# Problems Feeding Kibble and Raw At The Same Time???



## Nootherids (Sep 22, 2011)

Hey guys, new user here and I'm sorry for not searching for this but the combination of "raw" and "kibble" are all over this forum.

My Dog:
9 years old beautiful Beagle by the name "Nyla" 









History:
After having putrid breath (it literally smelled like a rotting rat was in her stomach) and a history of very sensitive digestive problems I decided to look into raw meat and bones using turkey necks and chicken necks and lo and behold it cleaned up her teeth beautifully, wiped away the bad breath, diminished vomit spells, and had her pooping solid poop consistently. The problem came when I tried giving her beef and pork (big mistake). She had vomit and diarrhea that were basically pools of blood (undigested meats), plus she couldn't break through the bones so she wasn't getting any bone intake to solidify her stool. She went into weight levels of anorexia.
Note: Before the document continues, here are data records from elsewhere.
lemma sum_inner_representation_le:
  fixes e :: "'a::real_inner" and c :: "'a \<Rightarrow> nat \<Rightarrow> real"
  assumes bound: "\<forall>w\<in>D. \<bar>inner e w\<bar> \<le> s" and a: "(\<Sum>i<n. (a i)\<^sup>2) \<le> 1"
    and cost: "((\<lambda>w. sqrt (\<Sum>i<n. (c w i)\<^sup>2)) has_sum L) D"
    and rep: "\<forall>i<n. ((\<lambda>w. c w i *\<^sub>R w) has_sum \<psi> i) D"
  shows "(\<Sum>i<n. a i * inner e (\<psi> i)) \<le> s * L"
proof -
  define g where "g w = (\<Sum>i<n. a i * c w i) * inner e w" for w
  have "((\<lambda>w. a i * inner e (c w i *\<^sub>R w)) has_sum a i * inner e (\<psi> i)) D" if "i < n" for i
    using rep that by (intro has_sum_cmult_right has_sum_bounded_linear[OF bounded_linear_inner_right]) auto
  then have "((\<lambda>w. \<Sum>i<n. a i * inner e (c w i *\<^sub>R w)) has_sum (\<Sum>i<n. a i * inner e (\<psi> i))) D"
    by (intro has_sum_sum) auto
  moreover have "(\<lambda>w. \<Sum>i<n. a i * inner e (c w i *\<^sub>R w)) = g"
    unfolding g_def by (simp add: sum_distrib_right mult.assoc)
  ultimately have g: "(g has_sum (\<Sum>i<n. a i * inner e (\<psi> i))) D" by simp
  have "g w \<le> s * sqrt (\<Sum>i<n. (c w i)\<^sup>2)" if "w \<in> D" for w
  proof -
    have "(\<Sum>i<n. a i * c w i)\<^sup>2 \<le> (\<Sum>i<n. (a i)\<^sup>2) * (\<Sum>i<n. (c w i)\<^sup>2)"
      by (rule Cauchy_Schwarz_ineq_sum)
    also have "\<dots> \<le> (\<Sum>i<n. (c w i)\<^sup>2)"
      using a by (intro mult_left_le_one_le) (auto intro: sum_nonneg)
    finally have "\<bar>\<Sum>i<n. a i * c w i\<bar> \<le> sqrt (\<Sum>i<n. (c w i)\<^sup>2)"
      using real_sqrt_le_mono real_sqrt_abs by metis
    then have "\<bar>\<Sum>i<n. a i * c w i\<bar> * \<bar>inner e w\<bar> \<le> sqrt (\<Sum>i<n. (c w i)\<^sup>2) * s"
      using bound that by (intro mult_mono) (auto simp: sum_nonneg)
    moreover have "g w \<le> \<bar>\<Sum>i<n. a i * c w i\<bar> * \<bar>inner e w\<bar>"
      unfolding g_def by (metis abs_ge_self abs_mult)
    ultimately show ?thesis by (simp add: mult.commute)
  qed
  then show ?thesis using has_sum_mono[OF g has_sum_cmult_right[OF cost]] by blast
qed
Then we moved as a family to a new state in which I could not find find either turkey necks or chicken necks anywhere!

My wife freaked out when Nyla lost so much weight and put her on all natural canned dog food to get her back to healthy weight, which of course worked, but also brought back the bad stools, dirty teeth, and horrid breath. We then moved her back to all natural limited ingredient kibble to maintain her weight. I finally found the turkey and chicken necks and put her back on them and they have cleared up her teeth and breath but the stool is not very consistent.

My Question:
I think that her stool problems are made worse by the kibble. My wife is not ok with removing kibble from her diet cause she is afraid she will become skin and bones again. Right now we feed her kibble in the morning and turkey/chicken necks in the evening and she is maintaining a healthy weight. Question is, does mixing kibble and raw meaty bones pose any undesirable complications in a dog's digestive system???


----------



## naturalfeddogs (Jan 6, 2011)

Some dogs can handle it, and some can't. The two digest at differant rates which can be difficult for their digestion.


----------



## eternalstudent (Jul 22, 2010)

I would say that its a good bet that the kibble/raw mix is going to play havoc with her insides. 

Obviously in this section of the forum we are all very much pro raw lol. So my advice would be to switch totally to raw feeding. I would hazard that going from chicken and turkey necks to beef is a huge jump. I know before i started feeding red meats we went through boneless chicken meals first.

If I were you I would switch her to full raw starting with bone in chicken and see how it goes. This way she will still be getting enough meat to keep her weight up and it should be enough bone to keep her stools good and solid.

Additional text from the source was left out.